Serena Barachini

Junior Researcher, People

Junior Researcher
Laboratory of Genomics and Transcriptomics


Organoids show great potential in many applications, including drug discovery, toxicology, and disease modeling. Primary tumors can be cultured ex vivo as organoids, containing the malignant tumor cells and the supporting cells from the tumor environment. Primary 3-D organoid culture of tumors is an attractive platform for studies of solid tumors. 3-D organoids from patients’ tumors recapitulate in vivo tissue structural organization, functional differentiation, chemical and mechanical signals and can be used for ex vivo drug screening prior to treatment. Glioblastoma is a devastating disease that despite all the molecular information gathered so far, its optimal management remains elusive due to the absence of validated target from clinical studies.

Serena Barachini is involved in a project aimed to perform optical metabolic imaging of 3D organoids derived from primary human glioblastoma tumors to assess therapeutic response and disease progression. Optical metabolic imaging shows potential as a high-throughput screen to test the efficacy of a panel of drugs to select optimal drug combinations. Glioblastoma organoids responsive and resistant to the therapy will be molecularly characterized, with whole genome and whole trascriptome analysis, to identify factors involved in tumor progression and therapy responsiveness.
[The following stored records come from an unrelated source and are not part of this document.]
lemma dec_enum_covers: "0 < y n \<Longrightarrow> n \<in> range (dec_enum y)"
proof (rule ccontr)
  assume pos: "0 < y n" and "n \<notin> range (dec_enum y)"
  then have "range (dec_enum y) \<subseteq> {k. y n \<le> y k}" using dec_enum_max by blast
  then have "finite (range (dec_enum y))"
    by (rule finite_subset[OF _ finite_ge_of_tendsto_zero[OF y pos]])
  then show False using inj_dec_enum finite_imageD infinite_UNIV_nat by blast
qed

lemma sum_dec_enum_le:
  "(\<Sum>i<Suc n. y (dec_enum y i)) \<le> (\<Sum>k<Suc n. drearr y k)"
proof -
  have "(\<Sum>i<Suc n. y (dec_enum y i)) = (\<Sum>s\<in>dec_enum y ` {..<Suc n}. y s)"
    by (simp add: sum.reindex inj_on_subset[OF inj_dec_enum])
  also have "\<dots> \<le> (\<Sum>k<Suc n. drearr y k)"
    by (rule sum_le_sum_drearr[OF y]) (auto simp: card_image inj_on_subset[OF inj_dec_enum])
  finally show ?thesis .
qed

end

section \<open>Prescribed diagonals\<close>

lemma row_contraction_with_diagonal:
  fixes a y :: "nat \<Rightarrow> real"
  assumes a_antimono: "\<And>i j. i \<le> j \<Longrightarrow> a j \<le> a i" and a_nonneg: "\<And>i. 0 \<le> a i"
    and a_small: "\<And>e. 0 < e \<Longrightarrow> \<exists>q. a q \<le> e"
    and y: "y \<longlonglongrightarrow> 0" and y_nonneg: "\<And>k. 0 \<le> y k"
    and submaj: "\<And>n. (\<Sum>k<Suc n. drearr y k) \<le> (\<Sum>k<Suc n. a k)"
  obtains g sb where "row_contraction g sb" "\<And>n. (\<Sum>p<sb n. a p * (g n p)\<^sup>2) = y n"
proof -
  define \<sigma> where "\<sigma> = dec_enum y"
  have inj: "inj \<sigma>" unfolding \<sigma>_def by (rule inj_dec_enum[OF y y_nonneg])
  interpret submajorized a "\<lambda>j. y (\<sigma> j)"
  proof
    show "(\<Sum>i<Suc n. y (\<sigma> i)) \<le> (\<Sum>i<Suc n. a i)" for n
      unfolding \<sigma>_def using sum_dec_enum_le[OF y y_nonneg, of n] submaj[of n] by linarith
  qed (use a_antimono a_nonneg a_small y_nonneg dec_enum_antimono[OF y y_nonneg] in \<open>auto simp: \<sigma>_def\<close>)
  define g where "g n p = (if n \<in> range \<sigma> then col (inv \<sigma> n) p else 0)" for n p
  define sb where "sb n = (if n \<in> range \<sigma> then fresh (state (Suc (inv \<sigma> n))) else 0)" for n
  have "row_contraction g sb"
    unfolding g_def[abs_def] sb_def[abs_def] by (rule row_contraction_reindex[OF inj])
  moreover have "(\<Sum>p<sb n. a p * (g n p)\<^sup>2) = y n" for n
  proof (cases "n \<in> range \<sigma>")
    case True
    then show ?thesis using col_weight[of "inv \<sigma> n"]
      by (simp add: g_def sb_def f_inv_into_f)
  next
    case False
    then have "y n = 0" using dec_enum_covers[OF y y_nonneg, of n] y_nonneg[of n] unfolding \<sigma>_def by force
    with False show ?thesis by (simp add: g_def sb_def)
  qed
  ultimately show ?thesis by (rule that)
qed

theorem lemma4p2:
  fixes x y :: "nat \<Rightarrow> real"
  assumes "x \<longlonglongrightarrow> 0" and "y \<longlonglongrightarrow> 0"
    and "\<forall>k. 0 \<le> x k" and "\<forall>k. 0 \<le> y k"
    and "submaj y x"
  shows "\<exists>V. is_bdd_op V \<and> positive_op V \<and>
             (\<forall>j. op_entry V j j = complex_of_real (y j)) \<and>
             (\<forall>k. sing_val k V \<le> drearr x k)"
proof -
  define a where "a = drearr x"
  have a_antimono: "\<And>i j. i \<le> j \<Longrightarrow> a j \<le> a i" and a_nonneg: "\<And>i. 0 \<le> a i"
    unfolding a_def using drearr_antimono drearr_nonneg assms(1) by auto
  have "\<exists>q. a q \<le> e" if "0 < e" for e
    unfolding a_def using ex_drearr_le[OF assms(1) that] .
  moreover have "(\<Sum>k<Suc n. drearr y k) \<le> (\<Sum>k<Suc n. a k)" for n
    using assms(5) unfolding submaj_def a_def by (simp add: lessThan_Suc_atMost)
  ultimately obtain g sb where "row_contraction g sb" and diag: "\<And>n. (\<Sum>p<sb n. a p * (g n p)\<^sup>2) = y n"
    using row_contraction_with_diagonal[of a y, OF a_antimono a_nonneg _ assms(2)] assms(4) by blast
  interpret row_contraction g sb by fact
  have bound: "\<bar>a p\<bar> \<le> a 0" for p using a_nonneg[of p] a_antimono[of 0 p] by simp
  have "is_bdd_op (sandwich a)" by (rule is_bdd_op_sandwich[OF bound])
  moreover have "positive_op (sandwich a)"
    by (rule positive_op_sandwich[of a "a 0"]) (use a_nonneg bound in auto)
  moreover have "op_entry (sandwich a) j j = complex_of_real (y j)" for j
    by (simp add: op_entry_sandwich diag)
  moreover have "sing_val k (sandwich a) \<le> drearr x k" for k
    using sing_val_sandwich_le[OF a_nonneg a_antimono] unfolding a_def .
  ultimately show ?thesis by blast
qed

end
Serena Barachini received her Master’s degree in Biological Science at the University of Pisa, Italy, and her PhD in Experimental Medicine at the University of Rome, where she carried out part of her research at the Policlinico Umberto I in the Cell Therapy Unit and Laboratory of Tumor Immunology. In 2007, she obtained the Specialization in Clinical Pathology from Medical School of the University of Pisa. After the Specialization, she worked at Therapeutic Cell Manipulation Laboratory, Hematology Division, S. Chiara University Hospital, where her research focused on isolation and morpho-functional characterization of mesodermal progenitor’s cells from bone marrow-derived, cord blood, adipose tissue and dental pulp.